Fin field effect transistor including self-aligned raised active regions
Abstract
Fin mask structures are formed over a semiconductor material portion on a crystalline insulator layer. A disposable gate structure and a gate spacer are formed over the fin mask structures. Employing the disposable gate structure and the gate spacer as an etch mask, physically exposed portions of the fin mask structures and the semiconductor material portion are removed by an etch. A source region and a drain region are formed by selective epitaxy of a semiconductor material from physically exposed surfaces of the crystalline insulator layer. The disposable gate structure is removed selective to the source region and the drain region. Semiconductor fins are formed by anisotropically etching portions of the semiconductor material portion, employing the gate spacer and the fin mask structures as etch masks.
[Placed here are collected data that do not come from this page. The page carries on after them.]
definition I2 :: gate where "I2 a b = (if a = b then 1 else 0)"
definition X2 :: gate where "X2 a b = (if a \<noteq> b then 1 else 0)"
definition Z2 :: gate where "Z2 a b = (if a = b then (if a then -1 else 1) else 0)"
definition Had :: gate where "Had a b = (if a \<and> b then -1 else 1) / complex_of_real (sqrt 2)"

definition Wpow :: "bool \<Rightarrow> gate" where "Wpow b = (if b then Had else I2)"

definition tensor :: "nat set \<Rightarrow> (nat \<Rightarrow> gate) \<Rightarrow> qop" where
  "tensor Q G = (\<lambda>s t. \<Prod>q\<in>Q. G q (s q) (t q))"

definition on_qubit :: "nat set \<Rightarrow> nat \<Rightarrow> gate \<Rightarrow> qop" where
  "on_qubit Q q G = tensor Q (\<lambda>p. if p = q then G else I2)"

definition qid :: "nat set \<Rightarrow> qop" where "qid Q = tensor Q (\<lambda>_. I2)"

definition qmult :: "nat set \<Rightarrow> qop \<Rightarrow> qop \<Rightarrow> qop" where
  "qmult Q A B = (\<lambda>s t. \<Sum>u\<in>basis Q. A s u * B u t)"

definition qadd :: "qop \<Rightarrow> qop \<Rightarrow> qop" where
  "qadd A B = (\<lambda>s t. A s t + B s t)"

definition qscale :: "complex \<Rightarrow> qop \<Rightarrow> qop" where
  "qscale c A = (\<lambda>s t. c * A s t)"

definition qsum :: "nat set \<Rightarrow> (nat \<Rightarrow> qop) \<Rightarrow> qop" where
  "qsum K F = (\<lambda>s t. \<Sum>k\<in>K. F k s t)"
A gate dielectric and a gate electrode are formed within the gate cavity.
Claims
exact text as granted — not AI-modifiedWhat is claimed is:
1. A method of forming a semiconductor structure comprising:
forming at least one fin-defining mask structure over a semiconductor material portion on an insulator layer;
forming a disposable gate structure and a gate spacer over said at least one fin-defining mask structure;
etching physically exposed portions of said at least one fin-defining mask structure and said semiconductor material portion employing said disposable gate structure and said gate spacer as an etch mask;
removing said disposable gate structure selective to said gate spacer; and
forming at least one semiconductor fin by etching said semiconductor material portion employing said gate spacer and said at least one fin-defining mask structure as an etch mask.
2. The method of claim 1 , further comprising growing a source region and a drain region from physically exposed surfaces of said insulator layer after said etching of said physically exposed portions of said at least one fin-defining mask structure and said semiconductor material portion.
3. The method of claim 2 , wherein said source region and said drain region comprise a doped single crystalline semiconductor material that is epitaxially aligned to said insulator layer.
4. The method of claim 2 , further comprising forming a gate stack including a gate dielectric and a gate electrode over said at least one semiconductor fin.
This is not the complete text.